二つの銃声とともに銃口から放たれた弾丸はそれぞれの相手に向かって勢いよく飛ぶ。そのまま飛んだ二発の銃弾は見事なヘッドショットを決めた。
「っ痛」
敵兵が絶命させた男性はそのまま地面へと倒れた。
「…………」
衝撃的な出来事に放心状態になる楓。そんな楓の心情を知らない男性は腰に手を当てながらその場から立ち上がり、楓の元へとやって来た。
「大丈夫ですか?」
「……あ、はい。ありがとうございます、大丈夫です」
「そう、それならよかった」
その場で立ち上がり、お礼を言う楓に男性はにこやかに微笑んだ。
そうして、二人は敵がいなくなった戦場を後にしたのであった。
☆☆☆☆☆☆
『GAME CLEAR!!』
無機質な機械音とともに目を開くとそこは最初にいたゲームセンターの店内が視界に移り込んだ。楓はVR機を外し、席を立つと「う~ん」と背伸びをした。その仕草一つが何故か妖艶なオーラを醸し出し、周りの男たちが目を奪われた。
が、楓ははっ、と何かを思い出したかのように隣の席を見るとそこは既にもぬけの殻となっていた。彼女は慌ててその席に着こうとしていた男性に声をかけた。
「あの!」
「は、はい?」
「さっきここでプレイしてた人どこ行ったか知りませんか!?」
「あぁ、さっきの人ならもう出口のほうに向かいましたよ」
「ありがとうございます!」
楓の質問に答えてくれた男性にお辞儀をすると楓はすぐに出口へと向かった。店内を駆けると今にも出口から出ようとしてる制服姿の男子がそこにいた。
「あのっ!!」
「……?」
思わず声が大きくなってしまった楓であったがそれに反応した男子が振り返る。
そのまま楓は彼の元へと駆け寄る。
「あの、さっきあそこのゲームをプレイしてた方ですよね」
「はぁ、そうですけど……」
男子は急に現れた金髪美少女に戸惑いが顔に現れていた。
「あの、あたしさっきあなたと一緒にゲームしてた者ですけど…」
楓がそう言うと一瞬、驚いたような顔をしたがすぐに「あぁ……」と納得したような声を出した。
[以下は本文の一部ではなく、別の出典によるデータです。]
(* Let $\Gamma$ and the data $s_0,\eta_0,\Xi$ be as in the context. There exists $t_0>0$ such that for every $\mathbf x\in\mathbb R^{n-1}$ and every $t>t_0$: if $u(\mathbf x)\sigma a(t)=\gamma\xi na(s)k$ with $\gamma\in\Gamma$, $\xi\in\Xi$, $n\in N$, $s>s_0$ and $k\in K$, then $\gamma\xi\notin P$.
   Context: $n\ge2$, $G=\mathrm{SO}(n,1)$, $K\cong\mathrm{SO}(n)$ maximal compact. $A=\{a(t)\}$ a one-parameter $\mathbb R$-split torus with $\mathfrak g=\mathfrak g_{-1}\oplus\mathfrak z(A)\oplus\mathfrak g_{+1}$, $\mathrm{Ad}(a(t))=e^{\pm t}$ on $\mathfrak g_{\pm1}$; $M=Z_G(A)\cap K$, $N=\exp\mathfrak g_{+1}$, $\mathfrak g_{+1}\cong\mathbb R^{n-1}$, $u(\mathbf x)=\exp\mathbf x$; $\sigma\in K$ with $\sigma^2=e$, $\sigma a(t)\sigma^{-1}=a(-t)$; $P=MAN$. For compact $\eta\subset N$: $A_s=\{a(t):t\ge s\}$, $\Omega(\eta,s)=\eta A_sK$. $\Gamma\subset G$ discrete, $\Gamma\backslash G$ of finite volume, $\Gamma\backslash\mathbb H^n$ non-compact, with fixed $s_0>0$, compact $\eta_0\subset N$, finite $\Xi\subset G$, $e\in\Xi$, satisfying: (i) $G=\Gamma\Xi\Omega(\eta_0,s_0)$; (ii) $\Gamma\cap\xi N\xi^{-1}$ is a cocompact lattice in $\xi N\xi^{-1}$; (iii) for compact $\eta\subset N$, $\{\gamma:\gamma\Xi\Omega(\eta,s_0)\cap\Omega(\eta,s_0)\neq\emptyset\}$ is finite; (iv) for each compact $\eta\supseteq\eta_0$ there is $s_1>s_0$ with: $\gamma\xi_1\Omega(\eta,s_0)\cap\xi_2\Omega(\eta,s_1)\neq\emptyset$ implies $\xi_1=\xi_2$, $\gamma\in\xi_1NM\xi_1^{-1}$. *)

theory Defs
  imports "HOL-Analysis.Analysis"
begin

text \<open>Concrete model of G = SO(n,1) (identity component) acting on R^(n+1) with
coordinates indexed by 'm option option: None is the time coordinate e_0,
Some None is e_1, Some (Some i) are the remaining n-1 coordinates, so that
R^(n-1) = real^'m and n = CARD('m) + 1 >= 2.\<close>

type_synonym 'm lmat = "real^'m option option^'m option option"

definition Jform :: "('m::finite) lmat" where
  "Jform = (\<chi> i j. if i = j then (if i = None then -1 else 1) else 0)"

definition Gset :: "('m::finite) lmat set" where
  "Gset = {g. transpose g ** Jform ** g = Jform \<and> det g = 1 \<and> g $ None $ None > 0}"

definition Kset :: "('m::finite) lmat set" where
  "Kset = {g \<in> Gset. g *v axis None 1 = axis None 1}"

definition aa :: "real \<Rightarrow> ('m::finite) lmat" where
  "aa t = (\<chi> i j.
     if (i = None \<and> j = None) \<or> (i = Some None \<and> j = Some None) then cosh t
     else if (i = None \<and> j = Some None) \<or> (i = Some None \<and> j = None) then sinh t
     else if i = j then 1 else 0)"

text \<open>u(x) = exp X(x), X(x) in g_{+1}; explicitly I + X + X^2/2 (X^3 = 0).\<close>
definition uu :: "real^('m::finite) \<Rightarrow> 'm lmat" where
  "uu x = (let q = (x \<bullet> x) / 2 in (\<chi> i j. case (i, j) of
       (None, None) \<Rightarrow> 1 + q
     | (None, Some None) \<Rightarrow> - q
     | (None, Some (Some b)) \<Rightarrow> x $ b
     | (Some None, None) \<Rightarrow> q
     | (Some None, Some None) \<Rightarrow> 1 - q
     | (Some None, Some (Some b)) \<Rightarrow> x $ b
     | (Some (Some a), None) \<Rightarrow> x $ a
     | (Some (Some a), Some None) \<Rightarrow> - (x $ a)
     | (Some (Some a), Some (Some b)) \<Rightarrow> (if a = b then 1 else 0)))"

definition Nset :: "('m::finite) lmat set" where
  "Nset = range uu"

definition Mset :: "('m::finite) lmat set" where
  "Mset = {m \<in> Kset. \<forall>t. m ** aa t = aa t ** m}"

definition Pset :: "('m::finite) lmat set" where
  "Pset = {m ** aa t ** v | m t v. m \<in> Mset \<and> v \<in> Nset}"

definition setmul :: "('m::finite) lmat set \<Rightarrow> 'm lmat set \<Rightarrow> 'm lmat set" where
  "setmul A B = {x ** y | x y. x \<in> A \<and> y \<in> B}"

definition conjset :: "('m::finite) lmat \<Rightarrow> 'm lmat set \<Rightarrow> 'm lmat set" where
  "conjset g S = {g ** x ** matrix_inv g | x. x \<in> S}"

definition Omega :: "('m::finite) lmat set \<Rightarrow> real \<Rightarrow> 'm lmat set" where
  "Omega eta s = {v ** aa t ** k | v t k. v \<in> eta \<and> t \<ge> s \<and> k \<in> Kset}"

definition discrete_set :: "('m::finite) lmat set \<Rightarrow> bool" where
  "discrete_set S \<longleftrightarrow> (\<forall>g\<in>S. \<exists>e>0. \<forall>h\<in>S. dist h g < e \<longrightarrow> h = g)"

definition is_subgroup :: "('m::finite) lmat set \<Rightarrow> 'm lmat set \<Rightarrow> bool" where
  "is_subgroup H S \<longleftrightarrow> H \<subseteq> S \<and> mat 1 \<in> H \<and>
     (\<forall>x\<in>H. \<forall>y\<in>H. x ** y \<in> H) \<and> (\<forall>x\<in>H. matrix_inv x \<in> H)"

definition cocompact_lattice :: "('m::finite) lmat set \<Rightarrow> 'm lmat set \<Rightarrow> bool" where
  "cocompact_lattice L H \<longleftrightarrow> is_subgroup L H \<and> discrete_set L \<and>
     (\<exists>C. compact C \<and> C \<subseteq> H \<and> H = setmul L C)"

end

theory Submission
  imports Defs
begin

text \<open>The covector \<open>\<nu> = e\<^sub>0 - e\<^sub>1\<close> (\<open>nullrow\<close>), isotropic for the Lorentz form, is a
common left eigenvector of \<open>P\<close>: \<open>\<nu> m a(r) u(y) = e\<^sup>-\<^sup>r \<nu>\<close>, and every element of \<open>K\<close> fixes
\<open>e\<^sub>0\<close>. Reading off the \<open>e\<^sub>0\<close>-entry of \<open>\<nu>\<close> applied to \<open>u(x) \<sigma> a(t) = \<gamma> \<xi> v a(s) k\<close>
gives \<open>e\<^sup>t = e\<^sup>-\<^sup>r e\<^sup>-\<^sup>s\<close> when \<open>\<gamma>\<xi> = m a(r) u(y) \<in> P\<close>, so it suffices to bound the eigenvalue
\<open>e\<^sup>-\<^sup>r\<close> (\<open>Pchar\<close>) over all \<open>\<gamma> \<in> \<Gamma>\<close> with \<open>\<gamma>\<xi> \<in> P\<close>.

Given two such elements \<open>\<gamma>\<^sub>1\<xi>\<close> and \<open>\<gamma>\<xi>\<close>, translating them on the left by \<open>\<Gamma> \<inter> N\<close>
into a compact fundamental set \<open>C\<close> of \<open>N\<close> (condition (ii) for \<open>\<xi> = 1\<close>) and on the right
by \<open>a(s)\<close> deep into the cusp puts both into the Siegel set \<open>\<Omega>(C, s\<^sub>0)\<close>. The element of
\<open>\<Gamma>\<close> carrying one translate to the other lies in the finite set of condition (iii),
and the ratio of the eigenvalues of \<open>\<gamma>\<xi>\<close> and \<open>\<gamma>\<^sub>1\<xi>\<close> is its own eigenvalue.\<close>

lemma matrix_inv_left: "invertible A \<Longrightarrow> matrix_inv A ** A = mat 1"
  and matrix_inv_right: "invertible A \<Longrightarrow> A ** matrix_inv A = mat 1"
  unfolding invertible_def matrix_inv_def by (metis (mono_tags, lifting) someI_ex)+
「先ほどはありがとうございます。おかげで助かりました」
「いえ、別に大したことはしてませんよ」
「で、でもあなたのプレイ凄かったです! 二丁使いも珍しいですけど、様になっていたしそれにとっさの判断力も素晴らしかったです!」
「あ、ありがとうございます……」
つい熱くなってまくしたてるように言葉を並べる楓であったが戸惑う男子の顔が近くにあるのに気が付くと「す、すみません!」と慌てて顔を遠ざけた。顔を遠ざけたことに安心したような表情を浮かべる男子。
「ご、ごめんなさい、つい……」
「いえ、そんなに褒めてもらえて嬉しいですし、気にしてませんよ」
微笑みを浮かべたまま彼は手を振る。同じ年頃と思われるが紳士的な態度に、楓は好感を持った。
「あの……」
「はい?」
「お名前をお聞きしてもいいですか?」
「……え?」
突然の申し出に少し面食らった顔をする男子。その表情を見た楓は慌てて取り繕う。
「す、すみません。急にそんなこと聞かれても迷惑ですよね! 忘れてください!」
あわあわとする楓。どうしていきなりそんなことを口走ったのか自分でも解らなかった。
慌てふためく楓を見て、男子はつい噴き出してしまっていた。
男子のその反応に恥ずかしくて顔を赤くする楓。
「あ、すみません。別にバカにしてるわけじゃなくて、ちょっとおかしくてつい」
「い、いえ、気にしてませんから」
噴き出してしまったことに罰を悪くする男子。クスクスと笑うその顔に楓はどこか懐かしく感じた。が、次の男子の言葉で楓のその考えがどこかへ行ってしまう。
「名前でしたね、自分は白井和樹といいます。西央高校二年です」
男子が自己紹介してくれたのを聞いて楓は慌てて口を開いた。
「あたしは、聖蘭女学園三年。滝沢楓です」
とびきり素敵な笑顔を相手に向けながら楓は名前を告げたのであった。